Given data.
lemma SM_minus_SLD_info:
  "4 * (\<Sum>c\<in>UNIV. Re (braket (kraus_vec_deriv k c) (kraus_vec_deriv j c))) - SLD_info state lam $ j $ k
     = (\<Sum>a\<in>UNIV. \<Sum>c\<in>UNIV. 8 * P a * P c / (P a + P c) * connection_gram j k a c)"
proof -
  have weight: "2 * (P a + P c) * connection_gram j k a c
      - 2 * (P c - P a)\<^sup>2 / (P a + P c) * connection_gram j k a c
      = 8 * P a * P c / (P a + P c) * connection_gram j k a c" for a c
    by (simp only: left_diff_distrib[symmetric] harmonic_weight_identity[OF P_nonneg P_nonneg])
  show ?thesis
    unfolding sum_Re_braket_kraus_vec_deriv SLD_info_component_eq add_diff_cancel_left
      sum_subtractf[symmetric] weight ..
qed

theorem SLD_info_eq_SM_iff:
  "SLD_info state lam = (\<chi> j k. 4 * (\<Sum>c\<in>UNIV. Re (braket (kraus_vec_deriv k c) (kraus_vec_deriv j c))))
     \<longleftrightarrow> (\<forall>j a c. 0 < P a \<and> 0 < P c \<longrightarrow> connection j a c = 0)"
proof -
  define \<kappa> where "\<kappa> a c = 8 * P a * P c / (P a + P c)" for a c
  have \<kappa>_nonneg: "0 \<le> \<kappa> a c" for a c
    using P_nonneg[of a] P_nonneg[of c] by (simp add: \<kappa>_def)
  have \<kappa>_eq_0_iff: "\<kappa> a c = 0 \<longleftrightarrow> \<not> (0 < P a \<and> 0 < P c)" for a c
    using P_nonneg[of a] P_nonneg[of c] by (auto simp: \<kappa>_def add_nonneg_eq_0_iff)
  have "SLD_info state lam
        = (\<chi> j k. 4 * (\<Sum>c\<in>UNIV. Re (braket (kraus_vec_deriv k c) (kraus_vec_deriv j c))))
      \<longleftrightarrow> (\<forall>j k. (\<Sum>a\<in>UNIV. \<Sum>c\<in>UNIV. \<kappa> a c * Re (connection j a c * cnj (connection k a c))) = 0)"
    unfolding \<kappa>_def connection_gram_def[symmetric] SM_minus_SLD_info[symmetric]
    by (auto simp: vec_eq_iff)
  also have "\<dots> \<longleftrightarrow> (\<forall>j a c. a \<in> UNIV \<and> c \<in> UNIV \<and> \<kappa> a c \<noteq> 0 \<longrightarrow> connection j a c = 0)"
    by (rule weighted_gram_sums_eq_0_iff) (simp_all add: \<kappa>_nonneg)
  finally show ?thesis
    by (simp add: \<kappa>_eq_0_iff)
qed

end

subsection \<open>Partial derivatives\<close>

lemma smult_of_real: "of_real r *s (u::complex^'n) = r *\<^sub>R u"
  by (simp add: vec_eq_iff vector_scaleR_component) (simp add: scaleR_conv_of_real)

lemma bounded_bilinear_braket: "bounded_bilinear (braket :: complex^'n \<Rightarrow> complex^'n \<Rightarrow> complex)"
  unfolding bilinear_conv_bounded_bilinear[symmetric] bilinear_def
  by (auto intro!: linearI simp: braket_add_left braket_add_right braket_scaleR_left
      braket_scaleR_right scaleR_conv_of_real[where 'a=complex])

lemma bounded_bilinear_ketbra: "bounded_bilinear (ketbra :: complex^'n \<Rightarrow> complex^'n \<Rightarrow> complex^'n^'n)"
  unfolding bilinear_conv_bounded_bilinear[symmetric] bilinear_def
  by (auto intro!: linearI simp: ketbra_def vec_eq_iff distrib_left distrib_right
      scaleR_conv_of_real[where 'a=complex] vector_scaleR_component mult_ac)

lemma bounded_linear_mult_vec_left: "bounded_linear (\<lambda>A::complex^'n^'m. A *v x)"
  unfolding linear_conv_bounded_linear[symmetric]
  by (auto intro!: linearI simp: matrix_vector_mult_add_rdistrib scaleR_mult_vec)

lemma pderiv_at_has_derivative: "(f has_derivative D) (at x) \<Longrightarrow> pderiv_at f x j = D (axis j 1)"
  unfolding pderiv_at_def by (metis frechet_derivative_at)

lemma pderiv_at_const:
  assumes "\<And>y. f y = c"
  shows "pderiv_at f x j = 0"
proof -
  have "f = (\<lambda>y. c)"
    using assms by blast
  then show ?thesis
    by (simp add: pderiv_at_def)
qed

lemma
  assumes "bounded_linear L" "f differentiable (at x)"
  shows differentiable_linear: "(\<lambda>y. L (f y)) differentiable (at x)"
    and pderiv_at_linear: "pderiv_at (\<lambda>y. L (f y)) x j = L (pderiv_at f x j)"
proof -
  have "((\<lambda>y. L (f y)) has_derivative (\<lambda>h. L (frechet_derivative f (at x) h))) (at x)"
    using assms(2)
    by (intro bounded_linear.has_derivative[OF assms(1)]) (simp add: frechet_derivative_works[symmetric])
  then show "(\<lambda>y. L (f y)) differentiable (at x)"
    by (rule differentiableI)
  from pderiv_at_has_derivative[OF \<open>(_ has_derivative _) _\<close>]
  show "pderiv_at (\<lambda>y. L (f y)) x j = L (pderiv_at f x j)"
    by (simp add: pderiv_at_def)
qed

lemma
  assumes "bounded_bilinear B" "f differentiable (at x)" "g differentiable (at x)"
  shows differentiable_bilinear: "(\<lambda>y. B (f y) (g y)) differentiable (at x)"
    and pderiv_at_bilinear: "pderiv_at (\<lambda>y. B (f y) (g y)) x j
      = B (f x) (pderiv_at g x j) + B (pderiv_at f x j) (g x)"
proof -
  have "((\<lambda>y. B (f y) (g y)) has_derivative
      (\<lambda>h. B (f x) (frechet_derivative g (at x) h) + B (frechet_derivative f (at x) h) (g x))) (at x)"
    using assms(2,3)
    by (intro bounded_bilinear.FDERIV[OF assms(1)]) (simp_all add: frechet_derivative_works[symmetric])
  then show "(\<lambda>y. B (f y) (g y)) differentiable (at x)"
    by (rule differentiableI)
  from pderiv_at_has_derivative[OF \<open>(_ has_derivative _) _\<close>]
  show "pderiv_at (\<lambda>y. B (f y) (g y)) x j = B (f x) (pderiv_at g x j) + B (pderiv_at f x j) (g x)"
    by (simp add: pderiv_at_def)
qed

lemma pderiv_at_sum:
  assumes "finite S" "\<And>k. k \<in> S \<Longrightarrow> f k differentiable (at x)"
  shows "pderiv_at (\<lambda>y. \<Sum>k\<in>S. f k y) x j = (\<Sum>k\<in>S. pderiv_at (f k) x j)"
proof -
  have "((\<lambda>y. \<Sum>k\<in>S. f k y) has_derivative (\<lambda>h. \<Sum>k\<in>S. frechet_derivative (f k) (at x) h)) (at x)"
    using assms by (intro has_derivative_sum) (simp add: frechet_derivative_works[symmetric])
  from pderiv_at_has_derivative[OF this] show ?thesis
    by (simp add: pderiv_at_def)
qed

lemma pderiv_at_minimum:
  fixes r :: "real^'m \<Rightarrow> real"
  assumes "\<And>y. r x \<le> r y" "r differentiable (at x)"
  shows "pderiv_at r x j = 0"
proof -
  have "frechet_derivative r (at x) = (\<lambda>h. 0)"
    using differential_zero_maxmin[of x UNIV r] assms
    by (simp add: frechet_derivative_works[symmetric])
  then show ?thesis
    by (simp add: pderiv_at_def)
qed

==

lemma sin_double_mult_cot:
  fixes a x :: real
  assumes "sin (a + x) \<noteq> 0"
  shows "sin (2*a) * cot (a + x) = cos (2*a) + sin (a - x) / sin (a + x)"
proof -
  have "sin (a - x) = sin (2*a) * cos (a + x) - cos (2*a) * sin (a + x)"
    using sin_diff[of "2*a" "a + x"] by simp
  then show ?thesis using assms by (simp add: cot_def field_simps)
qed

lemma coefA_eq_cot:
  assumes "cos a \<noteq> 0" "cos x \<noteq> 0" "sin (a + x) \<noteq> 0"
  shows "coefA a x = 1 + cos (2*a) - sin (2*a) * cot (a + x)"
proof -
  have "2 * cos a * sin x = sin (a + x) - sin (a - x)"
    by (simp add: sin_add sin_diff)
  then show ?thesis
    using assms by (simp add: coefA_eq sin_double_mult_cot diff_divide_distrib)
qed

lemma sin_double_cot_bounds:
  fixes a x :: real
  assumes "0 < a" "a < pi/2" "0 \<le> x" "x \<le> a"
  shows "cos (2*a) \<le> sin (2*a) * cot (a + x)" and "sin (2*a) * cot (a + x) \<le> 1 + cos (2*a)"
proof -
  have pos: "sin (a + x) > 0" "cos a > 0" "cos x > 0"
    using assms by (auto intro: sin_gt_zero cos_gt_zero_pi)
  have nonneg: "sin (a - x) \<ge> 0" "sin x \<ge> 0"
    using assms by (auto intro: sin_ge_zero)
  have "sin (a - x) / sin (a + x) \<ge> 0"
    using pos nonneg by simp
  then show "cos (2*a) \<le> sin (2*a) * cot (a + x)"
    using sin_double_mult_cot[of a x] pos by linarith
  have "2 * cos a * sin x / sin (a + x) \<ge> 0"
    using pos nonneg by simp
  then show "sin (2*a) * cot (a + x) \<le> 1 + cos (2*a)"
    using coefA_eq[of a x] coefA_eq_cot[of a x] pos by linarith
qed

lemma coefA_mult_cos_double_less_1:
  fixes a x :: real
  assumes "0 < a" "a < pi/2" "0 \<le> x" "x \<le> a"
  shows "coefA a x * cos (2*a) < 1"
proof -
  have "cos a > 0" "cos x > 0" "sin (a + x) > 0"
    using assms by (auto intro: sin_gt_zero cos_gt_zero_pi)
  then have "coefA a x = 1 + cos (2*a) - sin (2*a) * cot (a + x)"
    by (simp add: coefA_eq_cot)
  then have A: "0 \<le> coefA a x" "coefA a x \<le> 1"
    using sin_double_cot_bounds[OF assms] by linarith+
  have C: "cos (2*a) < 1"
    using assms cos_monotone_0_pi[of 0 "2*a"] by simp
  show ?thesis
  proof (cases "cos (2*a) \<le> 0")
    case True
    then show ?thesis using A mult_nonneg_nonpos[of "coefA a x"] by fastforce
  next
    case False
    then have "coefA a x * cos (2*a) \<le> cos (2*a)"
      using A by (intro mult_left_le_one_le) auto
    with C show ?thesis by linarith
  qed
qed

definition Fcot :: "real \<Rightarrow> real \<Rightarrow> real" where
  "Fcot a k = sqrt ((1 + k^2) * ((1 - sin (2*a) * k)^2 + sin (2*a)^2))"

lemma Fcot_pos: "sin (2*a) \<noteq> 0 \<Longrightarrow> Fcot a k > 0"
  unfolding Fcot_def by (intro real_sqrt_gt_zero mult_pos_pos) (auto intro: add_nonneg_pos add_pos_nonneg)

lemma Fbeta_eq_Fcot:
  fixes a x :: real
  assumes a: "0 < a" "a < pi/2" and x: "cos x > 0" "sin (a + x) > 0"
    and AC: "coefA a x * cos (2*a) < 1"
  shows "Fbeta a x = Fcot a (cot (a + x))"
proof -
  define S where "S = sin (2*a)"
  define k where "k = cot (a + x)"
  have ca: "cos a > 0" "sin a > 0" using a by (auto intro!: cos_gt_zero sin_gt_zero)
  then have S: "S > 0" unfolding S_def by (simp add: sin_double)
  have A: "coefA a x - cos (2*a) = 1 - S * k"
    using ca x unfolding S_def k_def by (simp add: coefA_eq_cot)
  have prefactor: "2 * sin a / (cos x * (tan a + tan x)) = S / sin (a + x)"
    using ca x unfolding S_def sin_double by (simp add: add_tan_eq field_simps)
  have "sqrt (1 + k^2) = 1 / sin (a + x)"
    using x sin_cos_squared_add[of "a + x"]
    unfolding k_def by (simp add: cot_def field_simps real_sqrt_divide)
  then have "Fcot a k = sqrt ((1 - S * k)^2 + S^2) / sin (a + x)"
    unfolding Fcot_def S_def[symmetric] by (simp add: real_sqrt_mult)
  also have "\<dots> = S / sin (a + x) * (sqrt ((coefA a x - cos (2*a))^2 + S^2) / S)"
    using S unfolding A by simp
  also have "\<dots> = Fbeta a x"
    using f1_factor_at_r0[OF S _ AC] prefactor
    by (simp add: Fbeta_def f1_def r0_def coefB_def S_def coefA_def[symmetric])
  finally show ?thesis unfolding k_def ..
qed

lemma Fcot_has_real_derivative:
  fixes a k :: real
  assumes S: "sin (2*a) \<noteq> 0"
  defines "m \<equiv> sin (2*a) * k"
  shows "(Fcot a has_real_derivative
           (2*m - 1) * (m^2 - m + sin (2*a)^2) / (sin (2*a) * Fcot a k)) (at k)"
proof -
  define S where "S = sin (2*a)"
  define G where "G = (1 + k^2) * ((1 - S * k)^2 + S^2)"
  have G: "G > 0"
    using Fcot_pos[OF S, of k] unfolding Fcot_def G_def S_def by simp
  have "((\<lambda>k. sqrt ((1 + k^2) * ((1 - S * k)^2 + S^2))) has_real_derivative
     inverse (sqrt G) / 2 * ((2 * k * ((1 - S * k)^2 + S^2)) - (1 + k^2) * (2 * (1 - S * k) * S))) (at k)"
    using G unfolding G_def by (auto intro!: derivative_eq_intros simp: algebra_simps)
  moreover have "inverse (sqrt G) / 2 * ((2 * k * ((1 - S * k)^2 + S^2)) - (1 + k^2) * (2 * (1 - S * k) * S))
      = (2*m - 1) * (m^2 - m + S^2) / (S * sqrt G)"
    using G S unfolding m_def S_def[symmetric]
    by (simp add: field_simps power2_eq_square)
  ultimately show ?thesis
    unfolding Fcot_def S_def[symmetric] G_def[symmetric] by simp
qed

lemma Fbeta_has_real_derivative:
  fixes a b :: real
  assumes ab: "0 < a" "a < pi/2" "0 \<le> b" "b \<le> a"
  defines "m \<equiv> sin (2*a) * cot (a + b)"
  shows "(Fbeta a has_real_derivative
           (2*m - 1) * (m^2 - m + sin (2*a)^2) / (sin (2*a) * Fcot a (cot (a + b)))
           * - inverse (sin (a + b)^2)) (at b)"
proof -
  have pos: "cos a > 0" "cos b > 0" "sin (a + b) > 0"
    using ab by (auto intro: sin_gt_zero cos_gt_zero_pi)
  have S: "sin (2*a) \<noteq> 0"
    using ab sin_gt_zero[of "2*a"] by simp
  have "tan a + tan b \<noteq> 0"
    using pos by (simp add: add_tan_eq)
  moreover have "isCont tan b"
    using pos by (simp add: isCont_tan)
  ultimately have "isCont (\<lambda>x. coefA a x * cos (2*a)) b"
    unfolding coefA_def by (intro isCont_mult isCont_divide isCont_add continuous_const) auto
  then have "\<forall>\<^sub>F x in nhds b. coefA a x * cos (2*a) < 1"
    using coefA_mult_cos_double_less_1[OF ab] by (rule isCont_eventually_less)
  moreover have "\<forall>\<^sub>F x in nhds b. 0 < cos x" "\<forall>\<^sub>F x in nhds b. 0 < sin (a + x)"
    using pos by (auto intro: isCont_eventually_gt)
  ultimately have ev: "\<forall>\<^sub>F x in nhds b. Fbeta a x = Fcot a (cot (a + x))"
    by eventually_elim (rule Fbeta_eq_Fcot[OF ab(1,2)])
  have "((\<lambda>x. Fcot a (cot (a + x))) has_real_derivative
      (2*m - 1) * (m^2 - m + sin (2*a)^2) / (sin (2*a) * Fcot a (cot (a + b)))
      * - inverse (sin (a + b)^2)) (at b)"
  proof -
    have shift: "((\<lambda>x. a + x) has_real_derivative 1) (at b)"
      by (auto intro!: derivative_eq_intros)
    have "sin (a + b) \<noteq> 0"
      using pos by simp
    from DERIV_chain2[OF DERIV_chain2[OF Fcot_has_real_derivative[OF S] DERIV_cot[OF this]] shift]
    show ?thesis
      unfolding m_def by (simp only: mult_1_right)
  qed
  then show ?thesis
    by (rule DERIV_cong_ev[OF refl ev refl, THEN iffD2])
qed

What is being asked.
Set down, from the entries above, exactly the lines from the one with "unfolding coefA_def by" up to and including the one with "using coefA_mult_cos_double_less_1[OF ab]", and no other lines.

Your solution.
    unfolding coefA_def by (intro isCont_mult isCont_divide isCont_add continuous_const) auto
  then have "\<forall>\<^sub>F x in nhds b. coefA a x * cos (2*a) < 1"
    using coefA_mult_cos_double_less_1[OF ab] by (rule isCont_eventually_less)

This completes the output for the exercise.